Nomis Solutions, global pricing and profitability technology provider for the financial services sector, and its partners have concluded their annual Nomis Forum in San Francisco where the theme Keep Calm and Be Prepared was underscored by insight as to how banks can innovate and partner with alternative finance providers while anticipating interest rate rises.
Some key insights included:
- Facts around how “peer-to-peer” lending is increasingly gaining market share and the need banks have to innovate or partner to provide more customer convenience as start-ups change the game, were relayed by UC Berkeley Professor Richard Swart, an expert in alternative finance. The alternative finance models, backed largely by institutional funds rather than true “peer-to-peer” sources, have attracted capital that previously did not flow to financial vehicles that served the general public, but now more traditional sources including banks are joining this movement as financial leaders seek out methods to better serve the public and increase returns.
- An understanding that change in financial services will be sweeping, but there is time to figure out new models if banks act now discussed by Nomis founder, Dr. Robert Phillips, now a professor at Columbia University. Dr. Phillips revealed how disruption happens and defined how the ability to price new products and new classes of risk as well as developing faster business processes are key skills banks will need to compete effectively.
- A call to action for banks by Fred Brothers, Executive Vice President & Chief Innovation Officer at FIS, who implored banks to begin to rethink everything, comparing the impact of the Internet on retail to what will soon happen to banks. In short, he outlined how everything will change, and how understanding data, including price, will allow winning banks to offer the products and advice people want.

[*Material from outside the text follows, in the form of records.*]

text \<open>Positions \<open>[0, m)\<close> and \<open>[m, m + n)\<close> carry the two cycles, \<open>m = 2h\<close> and \<open>n = 2k\<close>. The
  involutions \<open>pair_refl\<close> and \<open>pair_succ \<circ> pair_refl\<close> each fix exactly two positions
  (\<open>0, h\<close> and \<open>m, m + k\<close> respectively), so they are conjugate; \<open>pair_conj\<close> is an explicit
  conjugator, and then \<open>pair_succ = [pair_conj, pair_refl]\<close>.\<close>

definition pair_succ :: "nat \<Rightarrow> nat \<Rightarrow> nat \<Rightarrow> nat" where
  "pair_succ m n i = (if i < m then (if i = m - 1 then 0 else i + 1) else (if i = m + n - 1 then m else i + 1))"

definition pair_refl :: "nat \<Rightarrow> nat \<Rightarrow> nat \<Rightarrow> nat" where
  "pair_refl m n i = (if i < m then (if i = 0 then 0 else m - i) else 2*m + n - 1 - i)"

definition pair_conj :: "nat \<Rightarrow> nat \<Rightarrow> nat \<Rightarrow> nat" where
  "pair_conj m n i = (if i = 0 then m else if i < m div 2 then i else if i = m div 2 then m + n div 2
     else if i < m - 1 then i + 1 else if i = m - 1 then 0 else if i = m then m div 2
     else if i < m + n div 2 then i else if i < m + n - 1 then i + 1
     else if m = 2 then 0 else m div 2 + 1)"

definition pair_conj_inv :: "nat \<Rightarrow> nat \<Rightarrow> nat \<Rightarrow> nat" where
  "pair_conj_inv m n j = (if j = 0 then (if m = 2 then m + n - 1 else m - 1) else if j < m div 2 then j
     else if j = m div 2 then m else if j = m div 2 + 1 \<and> m > 2 then m + n - 1
     else if j < m then j - 1 else if j = m then 0 else if j < m + n div 2 then j
     else if j = m + n div 2 then m div 2 else j - 1)"

context
  fixes m n h k :: nat
  assumes mh: "m = 2*h" and nk: "n = 2*k" and h1: "h \<ge> 1" and k1: "k \<ge> 1"
begin

lemma pair_index_cases:
  assumes "i < m + n"
  obtains "i = 0" | "0 < i" "i < h" | "i = h" | "h < i" "i < m - 1" | "i = m - 1" "i \<noteq> h"
    | "i = m" | "m < i" "i < m + k" | "m + k \<le> i" "i < m + n - 1" | "i = m + n - 1" "i \<noteq> m"
  using assms mh nk h1 k1 by linarith

lemma pair_conj_eqs:
  shows "pair_conj m n 0 = m"
    and "0 < j \<Longrightarrow> j < h \<Longrightarrow> pair_conj m n j = j"
    and "pair_conj m n h = m + k"
    and "h < j \<Longrightarrow> j < m - 1 \<Longrightarrow> pair_conj m n j = j + 1"
    and "j = m - 1 \<Longrightarrow> j \<noteq> h \<Longrightarrow> pair_conj m n j = 0"
    and "pair_conj m n m = h"
    and "m < j \<Longrightarrow> j < m + k \<Longrightarrow> pair_conj m n j = j"
    and "m + k \<le> j \<Longrightarrow> j < m + n - 1 \<Longrightarrow> pair_conj m n j = j + 1"
    and "j = m + n - 1 \<Longrightarrow> pair_conj m n j = (if m = 2 then 0 else h + 1)"
  using mh nk h1 k1 by (simp_all add: pair_conj_def; arith?)+

lemma pair_refl_eqs:
  shows "pair_refl m n 0 = 0"
    and "0 < j \<Longrightarrow> j < m \<Longrightarrow> pair_refl m n j = m - j"
    and "m \<le> j \<Longrightarrow> pair_refl m n j = 2*m + n - 1 - j"
  using mh nk h1 k1 by (simp_all add: pair_refl_def; arith?)+

lemma pair_succ_eqs:
  shows "j < m \<Longrightarrow> j \<noteq> m - 1 \<Longrightarrow> pair_succ m n j = j + 1"
    and "j = m - 1 \<Longrightarrow> pair_succ m n j = 0"
    and "m \<le> j \<Longrightarrow> j \<noteq> m + n - 1 \<Longrightarrow> pair_succ m n j = j + 1"
    and "j = m + n - 1 \<Longrightarrow> pair_succ m n j = m"
  using mh nk h1 k1 by (simp_all add: pair_succ_def; arith?)+

lemma pair_succ_refl_conj:
  assumes i: "i < m + n"
  shows "pair_succ m n (pair_refl m n (pair_conj m n i)) = pair_conj m n (pair_refl m n i)"
proof -
  note bounds = mh nk h1 k1 i
  from pair_index_cases[OF i] show ?thesis
  proof cases
    case 1
    have a: "pair_conj m n i = m" using 1 pair_conj_eqs(1) by simp
    have b: "pair_refl m n m = m + n - 1" using pair_refl_eqs(3)[of m] bounds by simp
    have c: "pair_succ m n (m + n - 1) = m" by (rule pair_succ_eqs(4)) simp
    have d: "pair_refl m n i = 0" using 1 pair_refl_eqs(1) by simp
    show ?thesis using a b c d 1 pair_conj_eqs(1) by simp
  next
    case 2
    have a: "pair_conj m n i = i" by (rule pair_conj_eqs(2)) (use 2 in linarith)+
    have b: "pair_refl m n i = m - i" by (rule pair_refl_eqs(2)) (use 2 bounds in linarith)+
    show ?thesis
    proof (cases "i = 1")
      case True
      have c: "pair_succ m n (m - i) = 0" by (rule pair_succ_eqs(2)) (use True in simp)
      have e: "pair_conj m n (m - i) = 0" by (rule pair_conj_eqs(5)) (use True 2 bounds in linarith)+
      show ?thesis using a b c e by simp
    next
      case False
      have c: "pair_succ m n (m - i) = m - i + 1" by (rule pair_succ_eqs(1)) (use False 2 bounds in linarith)+
      have e: "pair_conj m n (m - i) = m - i + 1" by (rule pair_conj_eqs(4)) (use False 2 bounds in linarith)+
      show ?thesis using a b c e by simp
    qed
  next
    case 3
    have a: "pair_conj m n i = m + k" using 3 pair_conj_eqs(3) by simp
    have b: "pair_refl m n (m + k) = m + k - 1" using pair_refl_eqs(3)[of "m + k"] bounds by simp
    have c: "pair_succ m n (m + k - 1) = m + k" using pair_succ_eqs(3)[of "m + k - 1"] bounds by simp
    have d: "pair_refl m n i = h" using pair_refl_eqs(2)[of i] 3 bounds by simp
    show ?thesis using a b c d 3 pair_conj_eqs(3) by simp
  next
    case 4
    have a: "pair_conj m n i = i + 1" by (rule pair_conj_eqs(4)) (use 4 in linarith)+
    have b: "pair_refl m n (i + 1) = m - i - 1" using pair_refl_eqs(2)[of "i+1"] 4 bounds by simp
    have c: "pair_succ m n (m - i - 1) = m - i" using pair_succ_eqs(1)[of "m - i - 1"] 4 bounds by simp
    have d: "pair_refl m n i = m - i" using pair_refl_eqs(2)[of i] 4 bounds by simp
    have e: "pair_conj m n (m - i) = m - i" by (rule pair_conj_eqs(2)) (use 4 bounds in linarith)+
    show ?thesis using a b c d e by simp
  next
    case 5
    have a: "pair_conj m n i = 0" using pair_conj_eqs(5) 5 by simp
    have c: "pair_succ m n 0 = 1" using pair_succ_eqs(1)[of 0] 5 bounds by simp
    have d: "pair_refl m n i = 1" using pair_refl_eqs(2)[of i] 5 bounds by simp
    have e: "pair_conj m n 1 = 1" by (rule pair_conj_eqs(2)) (use 5 bounds in linarith)+
    show ?thesis using a c d e pair_refl_eqs(1) by simp
  next
    case 6
    have a: "pair_conj m n i = h" using pair_conj_eqs(6) 6 by simp
    have b: "pair_refl m n h = h" using pair_refl_eqs(2)[of h] bounds by simp
    have d: "pair_refl m n i = m + n - 1" using pair_refl_eqs(3)[of i] 6 bounds by simp
    have e: "pair_conj m n (m + n - 1) = (if m = 2 then 0 else h + 1)" by (rule pair_conj_eqs(9)) simp
    show ?thesis
    proof (cases "m = 2")
      case True
      have c: "pair_succ m n h = 0" by (rule pair_succ_eqs(2)) (use True bounds in linarith)
      show ?thesis using a b c d e True by simp
    next
      case False
      have c: "pair_succ m n h = h + 1" by (rule pair_succ_eqs(1)) (use False bounds in linarith)+
      show ?thesis using a b c d e False by simp
    qed
  next
    case 7
    have a: "pair_conj m n i = i" by (rule pair_conj_eqs(7)) (use 7 in linarith)+
    have b: "pair_refl m n i = 2*m + n - 1 - i" using pair_refl_eqs(3)[of i] 7 by simp
    have c: "pair_succ m n (2*m + n - 1 - i) = 2*m + n - 1 - i + 1" by (rule pair_succ_eqs(3)) (use 7 bounds in linarith)+
    have e: "pair_conj m n (2*m + n - 1 - i) = 2*m + n - 1 - i + 1" by (rule pair_conj_eqs(8)) (use 7 bounds in linarith)+
    show ?thesis using a b c e by simp
  next
    case 8
    have a: "pair_conj m n i = i + 1" by (rule pair_conj_eqs(8)) (use 8 in linarith)+
    have b: "pair_refl m n (i + 1) = 2*m + n - 1 - (i + 1)" using pair_refl_eqs(3)[of "i+1"] 8 bounds by simp
    have c: "pair_succ m n (2*m + n - 1 - (i + 1)) = 2*m + n - 1 - (i + 1) + 1" by (rule pair_succ_eqs(3)) (use 8 bounds in linarith)+
    have d: "pair_refl m n i = 2*m + n - 1 - i" using pair_refl_eqs(3)[of i] 8 bounds by simp
    have e: "pair_conj m n (2*m + n - 1 - i) = 2*m + n - 1 - i" by (rule pair_conj_eqs(7)) (use 8 bounds in linarith)+
    have f: "2*m + n - 1 - (i + 1) + 1 = 2*m + n - 1 - i" using 8 bounds by linarith
    show ?thesis using a b c d e f by simp
  next
    case 9
    have d: "pair_refl m n i = m" using pair_refl_eqs(3)[of i] 9 bounds by simp
    show ?thesis
    proof (cases "m = 2")
      case True
      have a: "pair_conj m n i = 0" using pair_conj_eqs(9) 9 True by simp
      have c: "pair_succ m n 0 = 1" using pair_succ_eqs(1)[of 0] True by simp
      have e: "pair_conj m n m = 1" using pair_conj_eqs(6) True bounds by simp
      show ?thesis using a c d e pair_refl_eqs(1) True by simp
    next
      case False
      have a: "pair_conj m n i = h + 1" using pair_conj_eqs(9) 9 False by simp
      have b: "pair_refl m n (h + 1) = h - 1" using pair_refl_eqs(2)[of "h+1"] False bounds by simp
      have c: "pair_succ m n (h - 1) = h" using pair_succ_eqs(1)[of "h - 1"] False bounds by simp
      show ?thesis using a b c d pair_conj_eqs(6) by simp
    qed
  qed
qed

lemma pair_conj_inv_eqs:
  shows "pair_conj_inv m n m = 0"
    and "0 < j \<Longrightarrow> j < h \<Longrightarrow> pair_conj_inv m n j = j"
    and "pair_conj_inv m n (m + k) = h"
    and "h + 1 < j \<Longrightarrow> j < m \<Longrightarrow> pair_conj_inv m n j = j - 1"
    and "pair_conj_inv m n 0 = (if m = 2 then m + n - 1 else m - 1)"
    and "pair_conj_inv m n h = m"
    and "m < j \<Longrightarrow> j < m + k \<Longrightarrow> pair_conj_inv m n j = j"
    and "m + k < j \<Longrightarrow> pair_conj_inv m n j = j - 1"
    and "m > 2 \<Longrightarrow> pair_conj_inv m n (h + 1) = m + n - 1"
  using mh nk h1 k1 by (simp_all add: pair_conj_inv_def; arith?)+

lemma pair_conj_inv_conj:
  assumes i: "i < m + n"
  shows "pair_conj_inv m n (pair_conj m n i) = i \<and> pair_conj m n i < m + n"
proof -
  note bounds = mh nk h1 k1 i
  from pair_index_cases[OF i] show ?thesis
  proof cases
    case 1 then show ?thesis using pair_conj_eqs(1) pair_conj_inv_eqs(1) bounds by simp
  next
    case 2
    have a: "pair_conj m n i = i" by (rule pair_conj_eqs(2)) (use 2 in linarith)+
    have b: "pair_conj_inv m n i = i" by (rule pair_conj_inv_eqs(2)) (use 2 in linarith)+
    show ?thesis using a b bounds by simp
  next
    case 3 then show ?thesis using pair_conj_eqs(3) pair_conj_inv_eqs(3) bounds by simp
  next
    case 4
    have a: "pair_conj m n i = i + 1" by (rule pair_conj_eqs(4)) (use 4 in linarith)+
    have b: "pair_conj_inv m n (i + 1) = i + 1 - 1" by (rule pair_conj_inv_eqs(4)) (use 4 bounds in linarith)+
    show ?thesis using a b 4 bounds by simp
  next
    case 5
    have a: "pair_conj m n i = 0" using pair_conj_eqs(5) 5 by simp
    have "m \<noteq> 2" using 5 bounds by linarith
    then show ?thesis using a pair_conj_inv_eqs(5) 5 bounds by simp
  next
    case 6 then show ?thesis using pair_conj_eqs(6) pair_conj_inv_eqs(6) bounds by simp
  next
    case 7
    have a: "pair_conj m n i = i" by (rule pair_conj_eqs(7)) (use 7 in linarith)+
    have b: "pair_conj_inv m n i = i" by (rule pair_conj_inv_eqs(7)) (use 7 in linarith)+
    show ?thesis using a b bounds by simp
  next
    case 8
    have a: "pair_conj m n i = i + 1" by (rule pair_conj_eqs(8)) (use 8 in linarith)+
    have b: "pair_conj_inv m n (i + 1) = i + 1 - 1" by (rule pair_conj_inv_eqs(8)) (use 8 bounds in linarith)+
    show ?thesis using a b 8 bounds by simp
  next
    case 9
    show ?thesis
    proof (cases "m = 2")
      case True
      have a: "pair_conj m n i = 0" using pair_conj_eqs(9) 9 True by simp
      show ?thesis using a pair_conj_inv_eqs(5) True 9 bounds by simp
    next
      case False
      have a: "pair_conj m n i = h + 1" using pair_conj_eqs(9) 9 False by simp
      have "m > 2" using False bounds by linarith
      then show ?thesis using a pair_conj_inv_eqs(9) 9 bounds by simp
    qed
  qed
qed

- An overview of how fair pricing is not only important to regulators, but also to banks as a tool for understanding and customizing offers to segments and individuals. Mark Kenney, Chair at law firm Severson & Werson, explored a three-tier framework of fairness that includes contract law, regulation, and reputation. He also explained how systematic software-based price optimization can help banks prove fair, objective modeling based on risk and price sensitivity.
- Finally, Jason Bilodeau, a financial analyst with Macquarie Capital, shared how he evaluates banks and described how banks can partner to more rapidly understand and adopt new models while leveraging their customer insight and their distribution networks to turn these relationships into significant business opportunities.
Frank Rohde summed up the conference by underscoring the importance of optimized pricing of assets and liabilities for banks. As new entrants capture market share for both loans and deposits, and banks navigate a changing interest rate environment, three key levers will enable both traditional banks as well as alternative finance providers to optimize returns:
- Increasing granularity and rapid micro-segmentation of the market to ensure that each customer receives the optimal price/value proposition.
- Continuous in-market testing of new price/value propositions to ensure that banks understand the changing competitive environment and changing consumer demand and behavior. This is especially critical as the last few years of consumer behavior is not going to be predictive in an environment of increasing interest rates.
- High-velocity pricing: the ability of banks to change interest rates and fees in response to changing market conditions, interest rates, and consumer preferences, all within the constraints of consumer fairness.
Implementing pricing technology to enable these three levers is critical as banks compete in the new market realities.
Over the course of 2015, Nomis will continue connecting new market entrants and traditional banks in the conversation of how to properly price an increasing array of new products. Its mission is to make the ability to price fairly and competitively for the unique needs of micro-segments a universal skill in the banking and alternative finance industries.